Geiger Mode Avalanche Photodiodes (GMAPs) have been developed during recent years as a possible alternative to vacuum photomultiplier tubes (PMT) and other solid-state photodetectors. They have many advantages in terms of excellent single photon response, high gain at low bias voltage, high detection efficiency in the visible range, very fast timing response, good temperature and voltage stability, compactness and insensitivity to magnetic fields. Thanks to their properties, GMAPs have found widespread use for the detection of very weak and fast optical signals in many applications like astronomy, fluorescence and luminescence decay measurements, single-molecule detection, and laser ranging.
GMAPs are semiconductor junction diodes reverse-biased a few volts above the breakdown voltage. At this operating condition, the electric field within a GMAP depletion layer is so high that a single carrier injected in this region triggers a self-sustaining avalanche multiplication process. As a result, a sharp current pulse of a few mA and with a sub-nanosecond rise time is produced, thus marking a photon arrival. Once the breakdown current has been detected, it is quenched by a large series resistor (passive quenching) or by a suitable quenching circuit (active quenching). The photodiode is thus turned off for a suitable hold-off time that allows the charge stored within the depletion layer to dissipate. After this time, the reverse bias voltage is restored and the device is ready to detect another photon. Exemplary architectures of GMAP devices are disclosed in the Italian Patent application No. VA2010A000069 in the name of the same applicant, the whole disclosure of which is herein incorporated by reference.
A proximity or distance sensor is a sensor able to detect the presence of nearby objects without any physical contact. It usually includes an infrared pulsed light emitter (typically one or more LEDs) used to illuminate the object.
If no object is close to the sensor, the light is never reflected and the reading shows no object.
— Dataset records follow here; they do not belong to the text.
lemma sq_norm_nonneg: "sq_norm V z \<ge> 0"
  unfolding sq_norm_def by (simp add: sum_nonneg)

lemma sq_norm_eq_0_iff: "finite V \<Longrightarrow> sq_norm V z = 0 \<longleftrightarrow> (\<forall>a\<in>V. z a = 0)"
  unfolding sq_norm_def by (simp add: sum_nonneg_eq_0_iff)

lemma quad_form_scale: "quad_form V M (\<lambda>a. c * z a) = c\<^sup>2 * quad_form V M z"
  unfolding quad_form_def by (simp add: sum_distrib_left power2_eq_square algebra_simps)

lemma sq_norm_scale: "sq_norm V (\<lambda>a. c * z a) = c\<^sup>2 * sq_norm V z"
  unfolding sq_norm_def by (simp add: sum_distrib_left power2_eq_square algebra_simps)

lemma quad_form_eq_sum_mat_vec: "quad_form V M z = (\<Sum>a\<in>V. z a * mat_vec V M z a)"
  unfolding quad_form_def mat_vec_def by (simp add: sum_distrib_left algebra_simps)

lemma quad_form_restrict: "quad_form V M (restrict z V) = quad_form V M z"
  unfolding quad_form_def by (intro sum.cong refl) auto

lemma sq_norm_restrict: "sq_norm V (restrict z V) = sq_norm V z"
  unfolding sq_norm_def by (intro sum.cong refl) auto

lemma continuous_map_quad_form:
  "finite V \<Longrightarrow> continuous_map (powertop_real V) euclideanreal (quad_form V M)"
  unfolding quad_form_def
  by (intro continuous_map_sum continuous_map_real_mult continuous_map_product_projection
      continuous_map_const[THEN iffD2]) auto

lemma continuous_map_sq_norm: "finite V \<Longrightarrow> continuous_map (powertop_real V) euclideanreal (sq_norm V)"
  unfolding sq_norm_def power2_eq_square
  by (intro continuous_map_sum continuous_map_real_mult continuous_map_product_projection) auto

lemma compactin_unit_sphere:
  assumes "finite V"
  shows "compactin (powertop_real V) (PiE V (\<lambda>_. {-1..1}) \<inter> {z. sq_norm V z = 1})"
proof -
  have "closedin (powertop_real V) {z \<in> topspace (powertop_real V). sq_norm V z \<in> {1}}"
    using continuous_map_sq_norm[OF assms] by (intro closedin_continuous_map_preimage) auto
  then have "closedin (powertop_real V) {z \<in> PiE V (\<lambda>_. UNIV). sq_norm V z = 1}"
    by simp
  moreover have "compactin (powertop_real V) (PiE V (\<lambda>_. {-1..1::real}))"
    by (simp add: compactin_PiE)
  ultimately have "compactin (powertop_real V) (PiE V (\<lambda>_. {-1..1}) \<inter> {z \<in> PiE V (\<lambda>_. UNIV). sq_norm V z = 1})"
    by (intro compact_Int_closedin)
  moreover have "PiE V (\<lambda>_. {-1..1}) \<inter> {z \<in> PiE V (\<lambda>_. UNIV). sq_norm V z = 1}
      = PiE V (\<lambda>_. {-1..1}) \<inter> {z. sq_norm V z = 1}"
    by (auto simp: PiE_def Pi_def)
  ultimately show ?thesis by simp
qed

lemma quad_form_max_on_unit_sphere:
  assumes fin: "finite V" and ne: "V \<noteq> {}"
  obtains z0 where "sq_norm V z0 = 1" "\<And>z. sq_norm V z = 1 \<Longrightarrow> quad_form V M z \<le> quad_form V M z0"
proof -
  define S where "S = PiE V (\<lambda>_. {-1..1::real}) \<inter> {z. sq_norm V z = 1}"
  have "compact (quad_form V M ` S)"
    using image_compactin[OF compactin_unit_sphere continuous_map_quad_form] fin unfolding S_def by simp
  have unit: "restrict z V \<in> S" if "sq_norm V z = 1" for z
  proof -
    have "(z a)\<^sup>2 \<le> 1" if "a \<in> V" for a
      using member_le_sum[of a V "\<lambda>a. (z a)\<^sup>2"] fin that \<open>sq_norm V z = 1\<close> by (simp add: sq_norm_def)
    then have "\<bar>z a\<bar> \<le> 1" if "a \<in> V" for a using that by (simp add: abs_square_le_1)
    then show ?thesis unfolding S_def using that sq_norm_restrict[of V z] by (auto simp: abs_le_iff)
  qed
  obtain a0 where "a0 \<in> V" using ne by auto
  then have "sq_norm V (\<lambda>a. if a = a0 then 1 else 0) = 1"
    unfolding sq_norm_def using fin by (simp add: if_distrib[of "\<lambda>x. x\<^sup>2"] cong: if_cong)
  then have "quad_form V M ` S \<noteq> {}" using unit by blast
  from compact_attains_sup[OF \<open>compact (quad_form V M ` S)\<close> this]
  obtain z0 where z0: "z0 \<in> S" "\<forall>z\<in>S. quad_form V M z \<le> quad_form V M z0"
    by blast
  show ?thesis
  proof
    show "sq_norm V z0 = 1" using z0(1) unfolding S_def by auto
    show "quad_form V M z \<le> quad_form V M z0" if "sq_norm V z = 1" for z
      using z0(2) unit[OF that] quad_form_restrict[of V M z] by metis
  qed
qed

lemma rayleigh_max_exists:
  assumes fin: "finite V" and ne: "V \<noteq> {}"
  obtains R where "\<And>z. quad_form V M z \<le> R * sq_norm V z" "\<exists>z. sq_norm V z = 1 \<and> quad_form V M z = R"
proof -
  obtain z0 where z0: "sq_norm V z0 = 1" "\<And>z. sq_norm V z = 1 \<Longrightarrow> quad_form V M z \<le> quad_form V M z0"
    using quad_form_max_on_unit_sphere[OF fin ne] by blast
  have "quad_form V M z \<le> quad_form V M z0 * sq_norm V z" for z
  proof (cases "sq_norm V z = 0")
    case True
    then have "\<forall>a\<in>V. z a = 0" using sq_norm_eq_0_iff[OF fin] by blast
    then have "quad_form V M z = 0" unfolding quad_form_def by (auto intro!: sum.neutral)
    then show ?thesis using True by simp
  next
    case False
    then have pos: "sq_norm V z > 0" using sq_norm_nonneg[of V z] by linarith
    define c where "c = 1 / sqrt (sq_norm V z)"
    have c2: "c\<^sup>2 = 1 / sq_norm V z" unfolding c_def using pos by (simp add: power_divide)
    then have "sq_norm V (\<lambda>a. c * z a) = 1" using pos by (simp add: sq_norm_scale)
    then have "c\<^sup>2 * quad_form V M z \<le> quad_form V M z0"
      using z0(2) quad_form_scale[of V M c z] by metis
    then show ?thesis using pos c2 by (simp add: field_simps)
  qed
  then show ?thesis using that z0(1) by blast
qed

lemma sq_norm_add_scaled:
  "sq_norm V (\<lambda>b. x b + t * y b) = sq_norm V x + 2 * t * (\<Sum>b\<in>V. y b * x b) + t\<^sup>2 * sq_norm V y"
  unfolding sq_norm_def by (simp add: sum.distrib sum_distrib_left power2_eq_square algebra_simps)

lemma quad_form_add:
  assumes "symmetric_on V M"
  shows "quad_form V M (\<lambda>a. x a + y a)
    = quad_form V M x + 2 * (\<Sum>a\<in>V. y a * mat_vec V M x a) + quad_form V M y"
proof -
  have "(\<Sum>a\<in>V. \<Sum>b\<in>V. M a b * x a * y b) = (\<Sum>a\<in>V. \<Sum>b\<in>V. M a b * y a * x b)"
    using assms unfolding symmetric_on_def by (subst sum.swap) (auto intro!: sum.cong)
  then show ?thesis
    unfolding quad_form_def mat_vec_def
    by (simp add: sum.distrib sum_distrib_left algebra_simps)
qed

lemma quad_form_add_scaled:
  assumes "symmetric_on V M"
  shows "quad_form V M (\<lambda>b. x b + t * y b)
    = quad_form V M x + 2 * t * (\<Sum>b\<in>V. y b * mat_vec V M x b) + t\<^sup>2 * quad_form V M y"
  using quad_form_add[OF assms, of x "\<lambda>b. t * y b"]
  by (simp add: quad_form_scale sum_distrib_left algebra_simps)

lemma quadratic_nonneg_imp_linear_coeff_zero:
  fixes c n :: real
  assumes "\<And>t. 0 \<le> t\<^sup>2 * c - 2 * t * n" "n \<ge> 0"
  shows "n = 0"
proof (rule ccontr)
  assume "n \<noteq> 0"
  with assms(2) have "n > 0" by simp
  define t where "t = n / (\<bar>c\<bar> + 1)"
  have "t > 0" "t * \<bar>c\<bar> \<le> n" unfolding t_def using \<open>n > 0\<close> by (auto simp: field_simps)
  moreover have "t * c \<le> t * \<bar>c\<bar>" using \<open>t > 0\<close> by (simp add: mult_left_mono)
  ultimately have "t * c \<le> n" by linarith
  then have "t\<^sup>2 * c \<le> t * n" using \<open>t > 0\<close> by (simp add: power2_eq_square mult.assoc)
  moreover have "t * n > 0" using \<open>t > 0\<close> \<open>n > 0\<close> by simp
  ultimately show False using assms(1)[of t] by linarith
qed

text \<open>A maximiser of the Rayleigh quotient is an eigenvector: perturbing it along the
  residual \<open>y = M x - R x\<close> changes \<open>R |x|\<^sup>2 - x\<^sup>T M x\<close> by \<open>-2 t |y|\<^sup>2 + O(t\<^sup>2)\<close>.\<close>

lemma rayleigh_maximizer_eigenvector:
  assumes fin: "finite V" and sym: "symmetric_on V M"
    and bound: "\<And>z. quad_form V M z \<le> R * sq_norm V z" and max: "quad_form V M x = R * sq_norm V x"
    and a: "a \<in> V"
  shows "mat_vec V M x a = R * x a"
proof -
  define y where "y b = mat_vec V M x b - R * x b" for b
  have cross: "(\<Sum>b\<in>V. y b * mat_vec V M x b) - R * (\<Sum>b\<in>V. y b * x b) = sq_norm V y"
    unfolding sq_norm_def sum_distrib_left sum_subtractf[symmetric]
    by (intro sum.cong refl) (simp add: y_def power2_eq_square algebra_simps)
  have "0 \<le> R * sq_norm V (\<lambda>b. x b + t * y b) - quad_form V M (\<lambda>b. x b + t * y b)" for t
    using bound by (simp add: algebra_simps)
  also have "\<dots> t = t\<^sup>2 * (R * sq_norm V y - quad_form V M y) - 2 * t * sq_norm V y" for t
    unfolding sq_norm_add_scaled quad_form_add_scaled[OF sym] using max cross by (simp add: algebra_simps)
  finally have "sq_norm V y = 0"
    using quadratic_nonneg_imp_linear_coeff_zero sq_norm_nonneg by blast
  then show ?thesis using a sq_norm_eq_0_iff[OF fin, of y] unfolding y_def by auto
qed

lemma max_eigenvalue_eq_rayleigh_max:
  assumes fin: "finite V" and sym: "symmetric_on V M"
    and bound: "\<And>z. quad_form V M z \<le> R * sq_norm V z"
    and attained: "sq_norm V x = 1" "quad_form V M x = R"
  shows "max_eigenvalue V M = R"
  unfolding max_eigenvalue_def
proof (rule Max_eqI)
  show "finite {lam. is_eigenvalue_on V M lam}" by (rule finite_eigenvalues_on[OF fin])
  have "\<exists>a\<in>V. x a \<noteq> 0" using attained(1) sq_norm_eq_0_iff[OF fin, of x] by auto
  moreover have "\<forall>a\<in>V. mat_vec V M x a = R * x a"
    using rayleigh_maximizer_eigenvector[OF fin sym bound] attained by simp
  ultimately show "R \<in> {lam. is_eigenvalue_on V M lam}" unfolding is_eigenvalue_on_iff by blast
next
  fix lam assume "lam \<in> {lam. is_eigenvalue_on V M lam}"
  then obtain f where f: "\<exists>a\<in>V. f a \<noteq> 0" "\<forall>a\<in>V. mat_vec V M f a = lam * f a"
    unfolding is_eigenvalue_on_iff by auto
  have "lam * sq_norm V f = quad_form V M f"
    unfolding quad_form_eq_sum_mat_vec sq_norm_def sum_distrib_left using f(2)
    by (intro sum.cong refl) (simp add: power2_eq_square)
  then have "lam * sq_norm V f \<le> R * sq_norm V f" using bound by simp
  moreover have "sq_norm V f > 0"
    using f(1) sq_norm_eq_0_iff[OF fin, of f] sq_norm_nonneg[of V f] by force
  ultimately show "lam \<le> R" by simp
qed

lemma max_eigenvalue_rayleigh:
  assumes "finite V" "V \<noteq> {}" "symmetric_on V M"
  shows "quad_form V M z \<le> max_eigenvalue V M * sq_norm V z"
    and "\<exists>x. sq_norm V x = 1 \<and> quad_form V M x = max_eigenvalue V M"
proof -
  obtain R where "\<And>z. quad_form V M z \<le> R * sq_norm V z" "\<exists>x. sq_norm V x = 1 \<and> quad_form V M x = R"
    using rayleigh_max_exists[OF assms(1,2)] by blast
  moreover from this have "max_eigenvalue V M = R"
    using max_eigenvalue_eq_rayleigh_max[OF assms(1,3)] by blast
  ultimately show "quad_form V M z \<le> max_eigenvalue V M * sq_norm V z"
    and "\<exists>x. sq_norm V x = 1 \<and> quad_form V M x = max_eigenvalue V M" by auto
qed

lemma max_eigenvalue_eigenvector:
  assumes "finite V" "V \<noteq> {}" "symmetric_on V M"
    and "quad_form V M x = max_eigenvalue V M" "sq_norm V x = 1" "a \<in> V"
  shows "mat_vec V M x a = max_eigenvalue V M * x a"
  using rayleigh_maximizer_eigenvector[OF assms(1,3) max_eigenvalue_rayleigh(1)[OF assms(1-3)]] assms(4-6)
  by simp

lemma max_eigenvalue_cong:
  "(\<And>a b. a \<in> V \<Longrightarrow> b \<in> V \<Longrightarrow> M a b = N a b) \<Longrightarrow> max_eigenvalue V M = max_eigenvalue V N"
  unfolding max_eigenvalue_def is_eigenvalue_on_def by (simp cong: sum.cong)

lemma max_eigenvalue_nonneg_maximizer:
  assumes fin: "finite V" and ne: "V \<noteq> {}" and sym: "symmetric_on V M"
    and nonneg: "\<And>a b. a \<in> V \<Longrightarrow> b \<in> V \<Longrightarrow> M a b \<ge> 0"
  obtains x where "\<And>a. x a \<ge> 0" "sq_norm V x = 1" "quad_form V M x = max_eigenvalue V M"
proof -
  obtain z where z: "sq_norm V z = 1" "quad_form V M z = max_eigenvalue V M"
    using max_eigenvalue_rayleigh(2)[OF fin ne sym] by blast
  define x where "x a = \<bar>z a\<bar>" for a
  have nx: "sq_norm V x = 1" using z(1) unfolding sq_norm_def x_def by simp
  have "quad_form V M z \<le> quad_form V M x"
    unfolding quad_form_def x_def mult.assoc
    by (intro sum_mono mult_left_mono nonneg) (auto simp: abs_mult[symmetric])
  moreover have "quad_form V M x \<le> max_eigenvalue V M"
    using max_eigenvalue_rayleigh(1)[OF fin ne sym, of x] nx by simp
  ultimately show ?thesis using that[of x] nx z(2) unfolding x_def by simp
qed

lemma max_eigenvalue_maximizer_pos:
  assumes fin: "finite V" and ne: "V \<noteq> {}" and sym: "symmetric_on V M"
    and pos: "\<And>a b. a \<in> V \<Longrightarrow> b \<in> V \<Longrightarrow> M a b > 0"
    and x: "\<And>a. x a \<ge> 0" "sq_norm V x = 1" "quad_form V M x = max_eigenvalue V M"
    and a: "a \<in> V"
  shows "x a > 0"
proof -
  obtain b where b: "b \<in> V" "x b > 0"
    using x(1,2) sq_norm_eq_0_iff[OF fin, of x] by (metis less_eq_real_def zero_neq_one)
  have "0 < M a b * x b" using pos[OF a b(1)] b(2) by simp
  also have "\<dots> \<le> mat_vec V M x a"
    unfolding mat_vec_def using fin b(1) pos[OF a] x(1)
    by (intro member_le_sum) (auto intro: less_imp_le mult_nonneg_nonneg)
  also have "\<dots> = max_eigenvalue V M * x a"
    by (rule max_eigenvalue_eigenvector[OF fin ne sym x(3,2) a])
  finally show ?thesis using x(1)[of a] by (cases "x a = 0") auto
qed

lemma max_eigenvalue_less:
  assumes fin: "finite V" and ne: "V \<noteq> {}" and symA: "symmetric_on V A" and symB: "symmetric_on V B"
    and x: "sq_norm V x = 1" "quad_form V A x = max_eigenvalue V A"
    and le: "quad_form V A x \<le> quad_form V B x"
    and a: "a \<in> V" "mat_vec V A x a < mat_vec V B x a"
  shows "max_eigenvalue V A < max_eigenvalue V B"
proof -
  have B: "quad_form V B x \<le> max_eigenvalue V B"
    using max_eigenvalue_rayleigh(1)[OF fin ne symB, of x] x(1) by simp
  show ?thesis
  proof (rule ccontr)
    assume "\<not> ?thesis"
    then have "quad_form V B x = max_eigenvalue V B" "max_eigenvalue V B = max_eigenvalue V A"
      using x(2) le B by linarith+
    then have "mat_vec V B x a = mat_vec V A x a"
      using max_eigenvalue_eigenvector[OF fin ne _ _ x(1) a(1)] symA symB x(2) by metis
    then show False using a(2) by simp
  qed
qed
If the light reflects off an object, it returns to the detector and determines a triangle. The angle identified by the emitter, the point of reflection and the infrared light detector depends upon the distance between the sensor and the object, as schematically illustrated in FIG. 1.
High precision proximity sensors exploiting the very fast timing response of GMAP photodiodes (timing jitter<100 ps) are based on the measurement of the timing distribution of the delays between the true arrival time of photons onto the GMAP's active area and the detection time given by the rising edge of the GMAP's output current pulse. These systems usually employ a Time Correlated Single Photon Counting Apparatus (TCSPC) for the high precision measurements with the start signal given by the electrical trigger of the pulsed light source used to illuminate the object and the stop signal given by the GMAP's output signal. The measurement of the average delay between these times allows a precise and accurate measurement of the distance between the light source and the object.
These high precision distance sensors are typically used for night vision mainly in military applications, exploiting the single photon sensitivity in the dark environments of GMAP detectors. They turned out to be extremely complicated, expensive and not fully suitable for commercial applications.